Altınşehirden sabah saat 07 civarlarında işe gitmek üzere bindiğim otobüs şiddetli yağmur sebebiyle gitmekte zorlanmaya başladı. Yarımburgaz (halkalıya 5 dakika uzaklıkta) civarlarında otobüs bir anda sele kapıldı. Şöför çok bilinçli kullanıyordu. Zaten o kadar tehlike görülmüyordu yollarda, ama otobüs hiç umulmadık bir anda sele kapılıverdi. Bölgede bulundan küçük bir derenin taşmasıyla sel birleşince otobüs sürüklenmeye başladı (içeride 50 den fazla yolcu var) kayarak yaklaşık 25 metre sürüklendik ve kaldırıma çarparak durabildik.
Otobüs büyük bir hızla suya gömülmeye başladı. İlk önce ayaklarımıza kadar, sonra dizimize derken göğüs hizamıza kadar sular altında kaldık. Su dediğime bakmayın, televizyondan izlediğiniz gibi ya da tahmin ettiğiniz gibi değil, su değil tamamen çamur aslında sel dedikleri, çamurlar içinde kaldık.
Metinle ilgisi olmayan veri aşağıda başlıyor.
(* Let $t\in\mathbb{Q}^\times$ and $E_t:\ v^2=u^3+(t^2+2)u^2+u$. Then $E_t$ is isomorphic over $\mathbb{Q}$ to the elliptic curve $$E:\ y^2+xy+ay=x^3+ax^2,\qquad a=-\frac{1}{4t^2},$$ on which $[4](0,0)=\mathcal{O}$, and $E$ is $4$-isogenous (over $\mathbb{Q}$) to the elliptic curve $$E':\ Y^2+XY+AY=X^3+AX^2,\qquad A=\frac{t^2+4}{64},$$ via an isogeny $\phi:E\to E'$ of degree $4$ with $\phi(0,0)=\mathcal{O}$. *)

theory Defs
  imports Complex_Main "HOL-Computational_Algebra.Polynomial"
begin

text \<open>Long Weierstrass equations
  y^2 + a1 x y + a3 y = x^3 + a2 x^2 + a4 x + a6,
  given by their coefficients (a1, a2, a3, a4, a6).\<close>

datatype 'a wcurve = W 'a 'a 'a 'a 'a

text \<open>Points of the projective curve: None is the point at infinity O,
  Some (x, y) an affine point.\<close>

type_synonym 'a ecpoint = "('a \<times> 'a) option"

fun wmap :: "('a \<Rightarrow> 'b) \<Rightarrow> 'a wcurve \<Rightarrow> 'b wcurve" where
  "wmap f (W a1 a2 a3 a4 a6) = W (f a1) (f a2) (f a3) (f a4) (f a6)"

fun weq :: "'a::comm_ring_1 wcurve \<Rightarrow> 'a \<Rightarrow> 'a \<Rightarrow> 'a" where
  "weq (W a1 a2 a3 a4 a6) x y =
     y^2 + a1 * x * y + a3 * y - (x^3 + a2 * x^2 + a4 * x + a6)"

fun on_curve :: "'a::comm_ring_1 wcurve \<Rightarrow> 'a ecpoint \<Rightarrow> bool" where
  "on_curve E None = True"
| "on_curve E (Some (x, y)) = (weq E x y = 0)"

text \<open>Discriminant (Silverman, III.1).\<close>

fun discriminant :: "'a::comm_ring_1 wcurve \<Rightarrow> 'a" where
  "discriminant (W a1 a2 a3 a4 a6) =
     (let b2 = a1^2 + 4 * a2;
          b4 = 2 * a4 + a1 * a3;
          b6 = a3^2 + 4 * a6;
          b8 = a1^2 * a6 + 4 * a2 * a6 - a1 * a3 * a4 + a2 * a3^2 - a4^2
      in - (b2^2 * b8) - 8 * b4^3 - 27 * b6^2 + 9 * b2 * b4 * b6)"
text \<open>The second plane \<open>(a, w)\<close> is chosen so that the tangent direction at \<open>\<delta> = 0\<close> of the imaginary part
  of \<open>exp (-\<i> \<delta>\<^sub>1 \<ell>(a\<and>w)) exp (\<i> \<delta> \<ell>(a\<and>b)) c\<^sub>2\<close>, with \<open>\<delta>\<^sub>1 \<approx> N \<delta>\<close>, lies in the tube.
  It is \<open>\<epsilon> v\<close> for a positive \<open>v \<perp> c\<^sub>2\<close> built from the negative component r of \<open>c\<^sub>2\<close>.\<close>
lemma second_plane_exists:
  assumes ab: "orthonormal_pair d a b" "orientation d a b > 0"
    and c1: "c1 \<in> Xd d" "bform d a c1 = 0" "bform d b c1 = \<gamma>"
    and c2: "c2 \<in> Xd d" and far: "\<bar>bform d c1 c2\<bar> > 1"
  obtains w N where "orthonormal_pair d a w" "orientation d a w > 0" "N > 0" "bform d w c1 = \<gamma> / N"
    "(c2, \<lambda>i. real_wedge d a b c2 i - N * real_wedge d a w c2 i) \<in> forward_tube d"
proof -
  note O = orthonormal_pairD[OF ab(1)]
  have c2r: "c2 \<in> realvec d" "bform d c2 c2 = 1" using c2 unfolding Xd_def by auto
  define \<alpha> where "\<alpha> = bform d a c2"
  define r where "r = (\<lambda>j. c2 j - bform d a c2 * a j - bform d c1 c2 * c1 j)"
  define rr where "rr = bform d r r"
  note r = orthogonal_component_negative[OF O(3) c1(1) c2 c1(2) far, folded r_def rr_def]
  have rreal: "r \<in> realvec d" using O(1) c1(1) c2r(1) unfolding r_def Xd_def realvec_def by auto
  define v where "v = (\<lambda>j. \<alpha> * r j - rr * a j)"
  have "bform d v v = rr * (\<alpha>\<^sup>2 + rr)"
    unfolding v_def using O r(1)
    by (simp add: bform_linear bform_sym[of d r a] rr_def[symmetric] algebra_simps power2_eq_square)
  moreover have "rr < 0" using r(4) zero_le_power2[of \<alpha>] unfolding \<alpha>_def[symmetric] by linarith
  ultimately have vv: "bform d v v > 0" using r(4) unfolding \<alpha>_def[symmetric] by (simp add: mult_neg_neg)
  have vc2: "bform d v c2 = 0"
    unfolding v_def using r(3) by (simp add: bform_linear \<alpha>_def[symmetric])
  have "orientation d v c2 \<noteq> 0" using orientation_nonzero[OF vv _ vc2] c2r(2) by simp
  then obtain \<epsilon> where eps: "\<epsilon> * orientation d v c2 > 0" "1 + 2 * \<epsilon> * bform d b r + \<epsilon>\<^sup>2 * rr > 0"
    "orientation d a b + \<epsilon> * orientation d a r > 0"
    using exists_small_eps ab(2) by blast
  define W where "W = (\<lambda>j. b j + \<epsilon> * r j)"
  have "bform d W W = 1 + 2 * \<epsilon> * bform d b r + \<epsilon>\<^sup>2 * rr"
    unfolding W_def using O
    by (simp add: bform_linear rr_def[symmetric] bform_sym[of d r b] power2_eq_square algebra_simps)
  then have WW: "bform d W W > 0" using eps(2) by simp
  define N where "N = sqrt (bform d W W)"
  define w where "w = (\<lambda>j. W j / N)"
  have N: "N > 0" unfolding N_def using WW by simp
  have Nw: "N * w j = b j + \<epsilon> * r j" for j unfolding w_def W_def using N by simp
  have "W \<in> realvec d" "bform d a W = 0" using O(2,5) rreal r(1) unfolding W_def realvec_def by (simp_all add: bform_linear)
  then have aw: "orthonormal_pair d a w"
    unfolding w_def N_def using orthonormal_pair_normalize O(1,3) WW by blast
  have "orientation d a w = (orientation d a b + \<epsilon> * orientation d a r) / N"
    unfolding orientation_def w_def W_def using N by (simp add: field_simps)
  then have "orientation d a w > 0" using eps(3) N by simp
  moreover have "bform d w c1 = \<gamma> / N"
    unfolding w_def W_def using c1(3) r(2) by (simp add: bform_divide_left bform_linear bform_sym[of d r c1])
  moreover have "(\<lambda>i. real_wedge d a b c2 i - N * real_wedge d a w c2 i) = (\<lambda>i. \<epsilon> * v i)"
    using real_wedge_tilt[OF Nw] r(3) unfolding v_def \<alpha>_def rr_def by simp
  moreover have "bform d (\<lambda>i. \<epsilon> * v i) (\<lambda>i. \<epsilon> * v i) = \<epsilon>\<^sup>2 * bform d v v"
    by (simp add: bform_linear power2_eq_square)
  then have "(c2, \<lambda>i. \<epsilon> * v i) \<in> forward_tube d"
    using vv eps(1) unfolding forward_tube_def orientation_def by (cases "\<epsilon> = 0") (simp_all add: algebra_simps)
  ultimately show ?thesis using that aw N by simp
qed
lemma vesztergombi_perm_delete:
  assumes \<sigma>: "\<sigma> \<in> vesztergombi a b" and i: "i \<in> {1..a+b}" and v: "\<sigma> i = v"
    and N: "Suc (a' + b') = a + b"
    and window: "\<And>k x. k \<in> {1..a+b} \<Longrightarrow> x \<in> {1..a+b} \<Longrightarrow> k \<noteq> i \<Longrightarrow> x \<noteq> v \<Longrightarrow>
      k \<le> x + a \<Longrightarrow> x \<le> k + b \<Longrightarrow> unskip i k \<le> unskip v x + a' \<and> unskip v x \<le> unskip i k + b'"
  shows "perm_delete i v \<sigma> \<in> vesztergombi a' b'"
proof -
  have perm: "\<sigma> permutes {1..Suc (a' + b')}" and win: "\<forall>k\<in>{1..a+b}. k \<le> \<sigma> k + a \<and> \<sigma> k \<le> k + b"
    using \<sigma> N by (auto simp: vesztergombi_iff)
  have "j \<le> perm_delete i v \<sigma> j + a' \<and> perm_delete i v \<sigma> j \<le> j + b'" if j: "j \<in> {1..a'+b'}" for j
  proof -
    have k: "skip i j \<in> {1..a+b}" "skip i j \<noteq> i" using i j N by (auto simp: skip_def)
    then have "\<sigma> (skip i j) \<in> {1..a+b}" "\<sigma> (skip i j) \<noteq> v"
      using perm N permutes_in_image permutes_eq_iff[OF perm] v by metis+
    then show ?thesis using window[OF k(1) _ k(2)] win k(1) by (simp add: perm_delete_def)
  qed
  then show ?thesis using permutes_perm_delete[OF perm _ v] i N by (simp add: vesztergombi_iff)
qed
Otobüs devrilir gibi oldu, hava aşırı bulutluydu ve karanlıktı. Durmadan şimşek çakıyor ve feci bir şekilde yağmur devam ediyordu. Herkesin telefonu ıslandığı için bozulmuştu. Çantalar akbiller eşyalar suda yüzüyordu. Bayanlar çığlık atıyor, yaşlılar zor durumdaydı. Otobüs gittikçe su alıyordu. Sol tarafın camı tamamen suyun altında olduğumuzu gösteriyordu, camın kırılmasından korkuyorduk, kırılsa otobüs tamamen sular altında kalacaktı. Sonra otobüs devriliyor diye bi çığlık koptu, eğer devrilseydi zaten hepimiz ölecektik. Nefes almakta zorlanmaya başladık. Bir yandan soğukta ayrı sorun oluşturuyordu.
Otobüs şöförünün ve birkaç arkadaşın ıslanmaktan kurtulmuş cep telefonuyla polisi-acil servisleri-arkadaşlarımızı aradık. Daha sonra telefonlarda çekmemeye başladı. Titanik faciası böyle birşeymiş dedim içimden. Korkudan kimse ne yapacağını bilmiyordu. Fırtına yüzünden hiç bir yeri göremiyorduk zaten. Herkes ölümü bekliyordu.
Güç bela açtığımız ön kapıyla otobüsün üzerine çıktık boğulmamak için, bu sırada otobüs tekrar devrilme tehlikesi geçirdi. İnanılmaz bir akıntı vardı. Birisi düşse asla kurtulma şansı yoktu. Zaten çamur olduğu için batıp yok olması an meselesiydi. Elimiz kolumuz bağlı yardım beklemeye başladık. Üzerimize üzerimize yağan yağmur, esen buz gibi rüzgar, çakan şimşeklere rağmen şok içinde yardım bekliyorduk. Bizi kurtarmaya çalışan bir dozer daha yaklaşmaya bile gelemedi, sel yüzünden az daha devriliyordu, o umutta söndü.
Daha sonra yağmur durdu, yavaş yavaş sel çekilmeye başladı. 3 saatlik korku dolu anlar rahatlamaya başladı. Sel şiddeti iyice azalmaya başlayınca çevreden gelen vatandaşların uzattığı halat ile tek tek kurtulduk. Yanımızda batan, ortadan ikiye ayrılan, çamura batan araçların hattı hesabı yoktu. Çok felaket bir durumdu. Yan tarafımızda beyaz bir honda civicte vardı bu arada. Umarım bi zarar görmemiştir.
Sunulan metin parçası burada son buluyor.